No pedido, o advogado Fachinello afirmou que as declarações feitas por Osório à imprensa após a demissão indicavam que o ato teve uma motivação política, notadamente em razão da insubordinação do demitido às orientações ditadas pelo chefe do Poder Executivo.

Para o autor da ação, os depoimentos de Osório apontaram para “um desvio flagrante da finalidade pública do ato administrativo praticado por Temer, realizado com base em interesses privados, tornando a demissão ilegal”. Também foram

incluídos, pelo autor, o ministro-chefe da Casa Civil, Eliseu Padilha, e a advogada-geral da União, Grace Mendonça, no polo passivo da ação, sob alegado “possível envolvimento dos dois no episódio”.

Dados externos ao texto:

lemma ex_covered_by_le:
  assumes "x \<prec> y"
  shows "\<exists>p. covered_by x p \<and> p \<preceq> y"
proof -
  obtain p where p: "x \<prec> p" "p \<preceq> y" and min: "\<forall>z. x \<prec> z \<and> z \<preceq> y \<longrightarrow> \<not> z \<prec> p"
    using ex_minimal[of y "{z. x \<prec> z \<and> z \<preceq> y}"] assms by auto
  have "\<not> (x \<prec> z \<and> z \<prec> p)" for z
    using min p(2) by (meson L.less_imp_le L.order.trans)
  then have "covered_by x p"
    unfolding covered_by_def using p(1) by blast
  then show ?thesis using p by blast
qed

lemma covered_by_sup:
  assumes c: "covered_by x p" and xz: "x \<preceq> z" and pz: "\<not> p \<preceq> z"
  shows "covered_by z (z \<squnion> p)"
  unfolding covered_by_def
proof safe
  show "z \<prec> z \<squnion> p"
    using pz by (metis L.order.not_eq_order_implies_strict L.sup.cobounded1 L.sup.cobounded2)
  fix w assume zw: "z \<prec> w" and wzp: "w \<prec> z \<squnion> p"
  have "w = z \<squnion> (p \<sqinter> w)"
    using modular[of z w p] zw wzp by (simp add: L.inf.absorb2 L.less_imp_le)
  moreover have "x \<preceq> p \<sqinter> w"
    using c xz zw covered_by_less by (meson L.le_infI L.less_imp_le L.order.trans)
  then have "p \<sqinter> w = x \<or> p \<sqinter> w = p"
    using covered_by_between[OF c] by simp
  ultimately show False
    using xz zw wzp by (metis L.inf.absorb_iff1 L.le_sup_iff L.leD L.less_irrefl L.sup.absorb1 L.sup_ge1)
qed

definition sup_covers :: "'a \<Rightarrow> 'a" where
  "sup_covers x = (SOME m. (\<exists>ps. (\<forall>p\<in>set ps. covered_by x p) \<and> m = foldr (\<squnion>) ps x)
                          \<and> (\<forall>p. covered_by x p \<longrightarrow> p \<preceq> m))"

text \<open>The covers of \<open>x\<close> may form an infinite antichain, but by finite length some finite join of
  them is maximal, and then it bounds all of them.\<close>
lemma sup_covers_ex:
  "\<exists>m. (\<exists>ps. (\<forall>p\<in>set ps. covered_by x p) \<and> m = foldr (\<squnion>) ps x) \<and> (\<forall>p. covered_by x p \<longrightarrow> p \<preceq> m)"
proof -
  let ?V = "{m. \<exists>ps. (\<forall>p\<in>set ps. covered_by x p) \<and> m = foldr (\<squnion>) ps x}"
  have xV: "x \<in> ?V" by (rule CollectI, rule exI[of _ "[]"]) simp
  obtain m where mV: "m \<in> ?V" and max: "\<forall>v\<in>?V. \<not> m \<prec> v"
    using ex_maximal[OF xV] by (elim bexE)
  obtain ps where ps: "\<forall>p\<in>set ps. covered_by x p" "m = foldr (\<squnion>) ps x"
    using mV by blast
  have "p \<preceq> m" if "covered_by x p" for p
  proof -
    have "p \<squnion> m \<in> ?V"
      using ps that by (intro CollectI exI[of _ "p # ps"]) simp
    then have "\<not> m \<prec> p \<squnion> m" using max by blast
    then show ?thesis
      by (metis L.order.not_eq_order_implies_strict L.sup.cobounded1 L.sup.cobounded2)
  qed
  then show ?thesis using ps by blast
qed

lemma sup_covers_foldr: "\<exists>ps. (\<forall>p\<in>set ps. covered_by x p) \<and> sup_covers x = foldr (\<squnion>) ps x"
  using someI_ex[OF sup_covers_ex] unfolding sup_covers_def by blast

lemma covered_by_le_sup_covers: "covered_by x p \<Longrightarrow> p \<preceq> sup_covers x"
  using someI_ex[OF sup_covers_ex] unfolding sup_covers_def by blast

lemma le_foldr_sup: "x \<preceq> foldr (\<squnion>) ps x"
  by (induction ps) (auto intro: L.le_supI2)

lemma le_sup_covers: "x \<preceq> sup_covers x"
  using sup_covers_foldr le_foldr_sup by metis

lemma sup_covers_mono:
  assumes "x \<preceq> y"
  shows "sup_covers x \<preceq> sup_covers y"
proof -
  have "foldr (\<squnion>) ps x \<preceq> sup_covers y" if "\<forall>p\<in>set ps. covered_by x p" for ps
    using that
  proof (induction ps)
    case Nil
    then show ?case using assms le_sup_covers L.order.trans by simp
  next
    case (Cons p ps)
    have "p \<preceq> sup_covers y"
      using covered_by_sup[OF _ assms, of p] Cons.prems assms le_sup_covers[of y]
        covered_by_le_sup_covers[of y "y \<squnion> p"]
      by (metis L.le_sup_iff L.order.trans list.set_intros(1))
    then show ?case using Cons by simp
  qed
  then show ?thesis using sup_covers_foldr by metis
qed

O autor requereu a condenação dos três nas penalidades previstas nas leis federais de ação popular e de improbidade administrativa.

O juízo da 3ª Vara Federal de Florianópolis, no entanto, indeferiu os pedidos e extinguiu o processo sem exame do mérito diante da ausência de condição específica da ação. Conforme a sentença, “faltou ao autor o atendimento de uma condição, já que não ficou comprovada a ilegalidade do ato impugnado em questão”.

O advogado Fachinello recorreu, então, ao TRF-4 – e o processo também chegou à corte por força da remessa necessária, pois a lei federal da ação popular determina, em seu artigo 19, que “a sentença que concluir pela carência ou pela improcedência da ação está sujeita ao duplo grau de jurisdição, não produzindo efeito senão depois de confirmada pelo tribunal”.

A 3ª Turma negou provimento tanto à apelação quanto à remessa necessária. Para a relatora do caso no tribunal, desembargadora federal Vânia Hack de Almeida, “o posto de advogado-geral da União é cargo em comissão de livre exoneração, portanto o administrador não precisa declarar um motivo para a exoneração”.

O voto acrescentou que “sendo um ato discricionário, o Poder Judiciário não pode exercer controle sobre o mesmo”.

Segundo a magistrada, a demissão de Osório assume contornos que a distingue da de outros cargos “independendo de explicações ou fundamentações, motivo pelo qual se revela inadequada a perquirição judicial da motivação do ato de demissão ora em análise, por via da ação popular”. (Proc. nº 50208285220164047200 – com informações do TRF-4 e da redação do Espaço Vital).